While my dad was forever motivated by the Almighty Dollar and what it could buy (“The only test of a man’s IQ is how much money he makes” he repeatedly reminded me), I have always searched for employment that I felt could bring me a sense of meaning regardless of whether it commanded an impressive salary. (I certainly wouldn’t have spent eight years pursuing a PhD and be currently serving as a college professor in the liberal arts at a small school if this weren’t the case.) Likewise, I have never been the type of person who seeks handouts or devilishly schemes ways of bilking people for personal gain. Yet here I am, today, devising a plan to suck up to my father until he dies (now 72-years-old and a three- to four-pack a day smoker for much of his life, he could take his last breath any day), for no other reason than to be included in his will.
Does this make me a scoundrel? Am I guilty of a tiny (or even large) measure of hypocrisy? I admit, I feel considerably sleazy when I entertain the idea of following through with the manipulative act of embracing my father while slipping my hand into the wallet in his back pocket. But then I ask myself, Why shouldn’t I? The least the guy could do, after a lifetime of meanness and neglect, is grant me an inheritance. Having alienated every family member except his also-aging, dysfunctionally timid second wife, who else will he leave money to—the good folks at the local Tea Party headquarters? (Always bigoted and a staunch conservative, his early political heroes included Barry Goldwater and George Wallace.) The Glenn Beck Memorial Fund? (An aunt once told me that one of my cousins, while visiting my father, was thrown out of his house for debating with him over a FOX News show.) An anti-immigration society? (Wouldn’t you know it, my father actually lives in the great state of Arizona—Sun City no less, a town in which security officers roam the grounds looking for signs of children because the little, noise-making bastards are not allowed to live there.)

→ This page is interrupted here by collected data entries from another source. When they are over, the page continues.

(* Let $I,J$ be countable sets with nested finite subsets $I_1\subset I_2\subset\cdots$, $\bigcup_nI_n=I$, and $J_1\subset J_2\subset\cdots$, $\bigcup_nJ_n=J$, and let $a:I\to J$ be a bijection with $$\lim_{n\to\infty}\frac{|a(I_n)\cap J_n|}{|I_n|}=\lim_{n\to\infty}\frac{|J_n|}{|I_n|}=1.$$ Then for every bounded operator $T\in B(\ell^2(J))$ and every $p\in\mathbb{N}^*$, $$p\text{-}\lim_n\frac{1}{|J_n|}\sum_{j\in J_n}T_{j,j}=p\text{-}\lim_n\frac{1}{|I_n|}\sum_{i\in I_n}T_{a(i),a(i)},$$ i.e. $\mu(T)=\mu(a_*(T))$.
   Context: $\{\epsilon_j\}_{j\in J}$ and $\{\delta_i\}_{i\in I}$ are the canonical orthonormal bases of $\ell^2(J)$ and $\ell^2(I)$; $T_{j,k}=\langle T\epsilon_j,\epsilon_k\rangle$. $a_*(T)\in B(\ell^2(I))$ is defined by $\langle a_*(T)\delta_{i_1},\delta_{i_2}\rangle=\langle T\epsilon_{a(i_1)},\epsilon_{a(i_2)}\rangle$. $\mathbb{N}^*$ is the set of free ultrafilters on $\mathbb{N}$, and for a bounded complex sequence $\mathbf{x}$, $p\text{-}\lim\mathbf{x}=c$ iff for every $\varepsilon>0$ the set $\{n:|x_n-c|<\varepsilon\}$ belongs to $p$. For an operator $T$ on $\ell^2(J)$ (resp. $\ell^2(I)$) the ultrafilter measure $\mu(T)(p)$ is $p\text{-}\lim_n\frac1{|J_n|}\sum_{j\in J_n}T_{j,j}$ (resp. with $I_n$ and the basis $\delta_i$). *)

theory Defs
  imports "HOL-Analysis.Analysis"
begin

text \<open>An operator on l2(J) is represented by its matrix
  T j k = <T e_j, e_k> (j, k in J). The matrix defines a bounded operator
  on l2(J) iff there is a constant C with norm (T x) <= C * norm x for all
  finitely supported x in l2(J), where (T x)_k = sum_j T j k * x j.
  The norm of T x is expressed as the supremum of its finite partial sums.\<close>
definition bounded_op_matrix :: "'j set \<Rightarrow> ('j \<Rightarrow> 'j \<Rightarrow> complex) \<Rightarrow> bool" where
  "bounded_op_matrix J T \<longleftrightarrow>
     (\<exists>C::real. \<forall>x::'j \<Rightarrow> complex. \<forall>S K.
        finite S \<and> S \<subseteq> J \<and> finite K \<and> K \<subseteq> J \<and> (\<forall>j. j \<notin> S \<longrightarrow> x j = 0) \<longrightarrow>
        (\<Sum>k\<in>K. (cmod (\<Sum>j\<in>S. T j k * x j))\<^sup>2) \<le> C\<^sup>2 * (\<Sum>j\<in>S. (cmod (x j))\<^sup>2))"

definition push_op :: "('i \<Rightarrow> 'j) \<Rightarrow> ('j \<Rightarrow> 'j \<Rightarrow> complex) \<Rightarrow> ('i \<Rightarrow> 'i \<Rightarrow> complex)" where
  "push_op a T = (\<lambda>i1 i2. T (a i1) (a i2))"

definition free_ultrafilter_nat :: "nat filter \<Rightarrow> bool" where
  "free_ultrafilter_nat p \<longleftrightarrow>
     p \<noteq> bot \<and>
     (\<forall>A. eventually (\<lambda>n. n \<in> A) p \<or> eventually (\<lambda>n. n \<notin> A) p) \<and>
     p \<le> cofinite"

definition plim :: "nat filter \<Rightarrow> (nat \<Rightarrow> complex) \<Rightarrow> complex" where
  "plim p x = Lim p x"

definition ultra_measure :: "(nat \<Rightarrow> 'j set) \<Rightarrow> ('j \<Rightarrow> 'j \<Rightarrow> complex) \<Rightarrow> nat filter \<Rightarrow> complex" where
  "ultra_measure Js T p = plim p (\<lambda>n. (\<Sum>j\<in>Js n. T j j) / of_nat (card (Js n)))"

end

theory Submission
  imports Defs
begin

text \<open>The diagonal entries of a bounded operator are bounded, so both normalised traces
  are bounded sequences and their p-limits exist. The two traces differ only on the
  symmetric difference of \<open>J\<^sub>n\<close> and \<open>a(I\<^sub>n)\<close>; the hypotheses say that this symmetric
  difference, as well as the discrepancy between the normalisations \<open>|J\<^sub>n|\<close> and \<open>|I\<^sub>n|\<close>,
  is \<open>o(|I\<^sub>n|)\<close>. Hence the two sequences differ by a null sequence, and their limits
  along any free ultrafilter agree.\<close>

lemma bounded_op_matrix_entries_bounded:
  assumes "bounded_op_matrix J T"
  obtains M where "M \<ge> 0" "\<And>j k. j \<in> J \<Longrightarrow> k \<in> J \<Longrightarrow> cmod (T j k) \<le> M"
proof -
  obtain C :: real where C: "\<forall>x S K. finite S \<and> S \<subseteq> J \<and> finite K \<and> K \<subseteq> J \<and>
      (\<forall>j. j \<notin> S \<longrightarrow> x j = 0) \<longrightarrow>
      (\<Sum>k\<in>K. (cmod (\<Sum>j\<in>S. T j k * x j))\<^sup>2) \<le> C\<^sup>2 * (\<Sum>j\<in>S. (cmod (x j))\<^sup>2)"
    using assms unfolding bounded_op_matrix_def by blast
  have "cmod (T j k) \<le> \<bar>C\<bar>" if "j \<in> J" "k \<in> J" for j k
  proof -
    have "(cmod (T j k))\<^sup>2 \<le> \<bar>C\<bar>\<^sup>2"
      using C[rule_format, where x = "\<lambda>j'. if j' = j then 1 else 0" and S = "{j}" and K = "{k}"]
        that by simp
    then show ?thesis by (rule power2_le_imp_le) simp
  qed
  then show thesis using that[of "\<bar>C\<bar>"] by simp
qed

lemma ultrafilter_tendsto_exists:
  fixes F :: "'a filter" and x :: "'a \<Rightarrow> 'b::topological_space"
  assumes "F \<noteq> bot"
    and ultra: "\<And>A. eventually (\<lambda>n. n \<in> A) F \<or> eventually (\<lambda>n. n \<notin> A) F"
    and "compact K" and "eventually (\<lambda>n. x n \<in> K) F"
  shows "\<exists>L. (x \<longlongrightarrow> L) F"
proof -
  have "filtermap x F \<noteq> bot" "eventually (\<lambda>z. z \<in> K) (filtermap x F)"
    using assms by (simp_all add: filtermap_bot_iff eventually_filtermap)
  then obtain L where L: "inf (nhds L) (filtermap x F) \<noteq> bot"
    using \<open>compact K\<close> unfolding compact_filter by blast
  have "eventually (\<lambda>n. x n \<in> S) F" if "open S" "L \<in> S" for S
  proof (rule ccontr)
    assume "\<not> eventually (\<lambda>n. x n \<in> S) F"
    then have "eventually (\<lambda>z. z \<notin> S) (filtermap x F)"
      using ultra[of "x -` S"] by (simp add: eventually_filtermap)
    moreover have "eventually (\<lambda>z. z \<in> S) (nhds L)"
      using that eventually_nhds by blast
    ultimately have "eventually (\<lambda>_. False) (inf (nhds L) (filtermap x F))"
      unfolding eventually_inf by blast
    with L show False by (simp add: eventually_False)
  qed
  then show ?thesis unfolding tendsto_def by blast
qed

lemma plim_eq_if_diff_tendsto_zero:
  fixes x y :: "nat \<Rightarrow> complex"
  assumes p: "free_ultrafilter_nat p" and x_bounded: "\<And>n. norm (x n) \<le> B"
    and diff: "(\<lambda>n. x n - y n) \<longlonglongrightarrow> 0"
  shows "plim p x = plim p y"
proof -
  have "p \<noteq> bot" and "p \<le> sequentially"
    and ultra: "\<And>A. eventually (\<lambda>n. n \<in> A) p \<or> eventually (\<lambda>n. n \<notin> A) p"
    using p unfolding free_ultrafilter_nat_def by (auto simp: cofinite_eq_sequentially)
  obtain L where x_lim: "(x \<longlongrightarrow> L) p"
    using ultrafilter_tendsto_exists[OF \<open>p \<noteq> bot\<close> ultra compact_cball, of x 0 B] x_bounded
    by auto
  have "((\<lambda>n. x n - (x n - y n)) \<longlongrightarrow> L - 0) p"
    using x_lim tendsto_mono[OF \<open>p \<le> sequentially\<close> diff] by (rule tendsto_diff)
  then have "(y \<longlongrightarrow> L) p" by simp
  with x_lim show ?thesis
    unfolding plim_def using tendsto_Lim[OF \<open>p \<noteq> bot\<close>] by metis
qed

lemma norm_average_le:
  fixes f :: "'a \<Rightarrow> 'b::real_normed_field"
  assumes "\<And>x. x \<in> S \<Longrightarrow> norm (f x) \<le> M" and "M \<ge> 0"
  shows "norm (sum f S / of_nat (card S)) \<le> M"
proof (cases "card S = 0")
  case False
  have "norm (sum f S) \<le> of_nat (card S) * M"
    using assms(1) by (rule sum_norm_bound)
  with False show ?thesis by (simp add: norm_divide divide_le_eq mult.commute)
qed (simp add: \<open>M \<ge> 0\<close>)

lemma norm_sum_diff_le_card:
  fixes f :: "'a \<Rightarrow> 'b::real_normed_vector"
  assumes "finite S" "finite S'" and f_bounded: "\<And>x. x \<in> S \<union> S' \<Longrightarrow> norm (f x) \<le> M"
  shows "norm (sum f S - sum f S')
    \<le> M * (real (card S) + real (card S') - 2 * real (card (S \<inter> S')))"
proof -
  have "sum f S - sum f S' = sum f (S - S') - sum f (S' - S)"
    using sum.Int_Diff[OF \<open>finite S\<close>, of f S'] sum.Int_Diff[OF \<open>finite S'\<close>, of f S]
    by (simp add: Int_commute)
  also have "norm \<dots> \<le> norm (sum f (S - S')) + norm (sum f (S' - S))"
    by (rule norm_triangle_ineq4)
  also have "\<dots> \<le> real (card (S - S')) * M + real (card (S' - S)) * M"
    using f_bounded by (intro add_mono sum_norm_bound) auto
  also have "\<dots> = M * (real (card S) + real (card S') - 2 * real (card (S \<inter> S')))"
    using card_Int_Diff[OF \<open>finite S\<close>, of S'] card_Int_Diff[OF \<open>finite S'\<close>, of S]
    by (simp add: Int_commute algebra_simps)
  finally show ?thesis .
qed

text \<open>The bound splits the difference at \<open>\<Sigma>\<^sub>S f / |S'|\<close>: renormalising costs
  \<open>|1 - r|\<close> and exchanging the index set costs the relative symmetric difference.\<close>

lemma norm_average_diff_le:
  fixes f :: "'a \<Rightarrow> 'b::real_normed_field"
  assumes "finite S" "finite S'" and f_bounded: "\<And>x. x \<in> S \<union> S' \<Longrightarrow> norm (f x) \<le> M"
    and "M \<ge> 0"
  defines "r \<equiv> real (card S) / real (card S')"
    and "s \<equiv> real (card (S \<inter> S')) / real (card S')"
  shows "norm (sum f S / of_nat (card S) - sum f S' / of_nat (card S'))
    \<le> M * \<bar>1 - r\<bar> + M * (r + 1 - 2 * s)"
proof (cases "card S' = 0")
  case True
  then show ?thesis
    using norm_average_le[of S f M] f_bounded \<open>M \<ge> 0\<close> by (simp add: r_def s_def)
next
  case False
  define u where "u = sum f S / of_nat (card S')"
  have "sum f S / of_nat (card S) - u = (sum f S / of_nat (card S)) * of_real (1 - r)"
    using False \<open>finite S\<close> by (cases "card S = 0") (auto simp: u_def r_def field_simps)
  then have "norm (sum f S / of_nat (card S) - u) = norm (sum f S / of_nat (card S)) * \<bar>1 - r\<bar>"
    by (simp only: norm_mult norm_of_real)
  also have "\<dots> \<le> M * \<bar>1 - r\<bar>"
    using norm_average_le[of S f M] f_bounded \<open>M \<ge> 0\<close> by (intro mult_right_mono) auto
  finally have renormalise: "norm (sum f S / of_nat (card S) - u) \<le> M * \<bar>1 - r\<bar>" .
  have exchange: "norm (u - sum f S' / of_nat (card S')) \<le> M * (r + 1 - 2 * s)"
  proof -
    have "norm (u - sum f S' / of_nat (card S')) = norm (sum f S - sum f S') / real (card S')"
      by (simp add: u_def diff_divide_distrib[symmetric] norm_divide)
    also have "\<dots> \<le> M * (real (card S) + real (card S') - 2 * real (card (S \<inter> S')))
        / real (card S')"
      using norm_sum_diff_le_card[OF assms(1-3)] by (simp add: divide_right_mono)
    also have "\<dots> = M * (r + 1 - 2 * s)"
      using False by (simp add: r_def s_def field_simps)
    finally show ?thesis .
  qed
  from renormalise exchange show ?thesis by (rule norm_diff_triangle_le)
qed

lemma average_diff_tendsto_zero:
  fixes f :: "'a \<Rightarrow> 'b::real_normed_field"
  assumes "\<And>n. finite (S n)" "\<And>n. finite (S' n)"
    and f_bounded: "\<And>n x. x \<in> S n \<union> S' n \<Longrightarrow> norm (f x) \<le> M" and "M \<ge> 0"
    and overlap: "(\<lambda>n. real (card (S n \<inter> S' n)) / real (card (S' n))) \<longlonglongrightarrow> 1"
    and ratio: "(\<lambda>n. real (card (S n)) / real (card (S' n))) \<longlonglongrightarrow> 1"
  shows "(\<lambda>n. sum f (S n) / of_nat (card (S n)) - sum f (S' n) / of_nat (card (S' n)))
    \<longlonglongrightarrow> 0"
proof (rule Lim_null_comparison)
  let ?r = "\<lambda>n. real (card (S n)) / real (card (S' n))"
  let ?s = "\<lambda>n. real (card (S n \<inter> S' n)) / real (card (S' n))"
  show "\<forall>\<^sub>F n in sequentially.
      norm (sum f (S n) / of_nat (card (S n)) - sum f (S' n) / of_nat (card (S' n)))
      \<le> M * \<bar>1 - ?r n\<bar> + M * (?r n + 1 - 2 * ?s n)"
    using norm_average_diff_le[OF assms(1,2) f_bounded \<open>M \<ge> 0\<close>] by simp
  have "(\<lambda>n. M * \<bar>1 - ?r n\<bar> + M * (?r n + 1 - 2 * ?s n))
      \<longlonglongrightarrow> M * \<bar>1 - 1\<bar> + M * (1 + 1 - 2 * 1)"
    using overlap ratio by (intro tendsto_intros)
  then show "(\<lambda>n. M * \<bar>1 - ?r n\<bar> + M * (?r n + 1 - 2 * ?s n)) \<longlonglongrightarrow> 0"
    by simp
qed

theorem proposition8p1:
  fixes I :: "'i set" and J :: "'j set"
    and Is :: "nat \<Rightarrow> 'i set" and Js :: "nat \<Rightarrow> 'j set"
    and a :: "'i \<Rightarrow> 'j"
  assumes "countable I" and "countable J"
    and "\<And>n. finite (Is n)" and "\<And>n. Is n \<subseteq> Is (Suc n)" and "(\<Union>n. Is n) = I"
    and "\<And>n. finite (Js n)" and "\<And>n. Js n \<subseteq> Js (Suc n)" and "(\<Union>n. Js n) = J"
    and "bij_betw a I J"
    and "(\<lambda>n. real (card (a ` Is n \<inter> Js n)) / real (card (Is n))) \<longlonglongrightarrow> 1"
    and "(\<lambda>n. real (card (Js n)) / real (card (Is n))) \<longlonglongrightarrow> 1"
  shows "\<forall>T p. bounded_op_matrix J T \<and> free_ultrafilter_nat p \<longrightarrow>
           plim p (\<lambda>n. (\<Sum>j\<in>Js n. T j j) / of_nat (card (Js n)))
         = plim p (\<lambda>n. (\<Sum>i\<in>Is n. T (a i) (a i)) / of_nat (card (Is n)))
         \<and> ultra_measure Js T p = ultra_measure Is (push_op a T) p"
proof (intro allI impI)
  fix T p assume "bounded_op_matrix J T \<and> free_ultrafilter_nat p"
  then obtain M where "M \<ge> 0" and T_bounded: "\<And>j. j \<in> J \<Longrightarrow> cmod (T j j) \<le> M"
    and p: "free_ultrafilter_nat p"
    using bounded_op_matrix_entries_bounded by metis
  have "Is n \<subseteq> I" and "Js n \<subseteq> J" for n
    using \<open>(\<Union>n. Is n) = I\<close> \<open>(\<Union>n. Js n) = J\<close> by auto
  moreover have "inj_on a (Is n)" and "a ` Is n \<subseteq> J" for n
    using bij_betw_imp_inj_on[OF \<open>bij_betw a I J\<close>] bij_betw_imp_surj_on[OF \<open>bij_betw a I J\<close>]
      \<open>Is n \<subseteq> I\<close> by (auto intro: inj_on_subset)
  ultimately have reindex: "(\<Sum>i\<in>Is n. T (a i) (a i)) / of_nat (card (Is n))
      = (\<Sum>j\<in>a ` Is n. T j j) / of_nat (card (a ` Is n))" for n
    by (simp add: sum.reindex card_image)
  have diag_bounded: "cmod (T j j) \<le> M" if "j \<in> Js n \<union> a ` Is n" for n j
    using T_bounded that \<open>Js n \<subseteq> J\<close> \<open>a ` Is n \<subseteq> J\<close> by blast
  have "(\<lambda>n. (\<Sum>j\<in>Js n. T j j) / of_nat (card (Js n))
      - (\<Sum>j\<in>a ` Is n. T j j) / of_nat (card (a ` Is n))) \<longlonglongrightarrow> 0"
    using assms(3,6,10,11) \<open>\<And>n. inj_on a (Is n)\<close>
    by (intro average_diff_tendsto_zero[OF _ _ diag_bounded \<open>M \<ge> 0\<close>])
      (auto simp: card_image Int_commute)
  then have "plim p (\<lambda>n. (\<Sum>j\<in>Js n. T j j) / of_nat (card (Js n)))
      = plim p (\<lambda>n. (\<Sum>i\<in>Is n. T (a i) (a i)) / of_nat (card (Is n)))"
    unfolding reindex using diag_bounded \<open>M \<ge> 0\<close>
    by (intro plim_eq_if_diff_tendsto_zero[OF p, of _ M] norm_average_le) auto
  then show "plim p (\<lambda>n. (\<Sum>j\<in>Js n. T j j) / of_nat (card (Js n)))
         = plim p (\<lambda>n. (\<Sum>i\<in>Is n. T (a i) (a i)) / of_nat (card (Is n)))
         \<and> ultra_measure Js T p = ultra_measure Is (push_op a T) p"
    by (simp add: ultra_measure_def push_op_def)
qed

end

The ultimate justification for my dubious undertaking, though, is that I don’t want the money for me but for my seven-year-old son. Truth be told, I wouldn’t even be thinking of contacting my father and re-establishing a relationship were it not for my boy. Should I be willed a tall stack of his bank notes, I would invest it and someday use the accumulated amount for my kid’s college education. And this time, there would be no need for my dear ol’ dad—busy nourishing maggots six feet below ground—to sign any paperwork.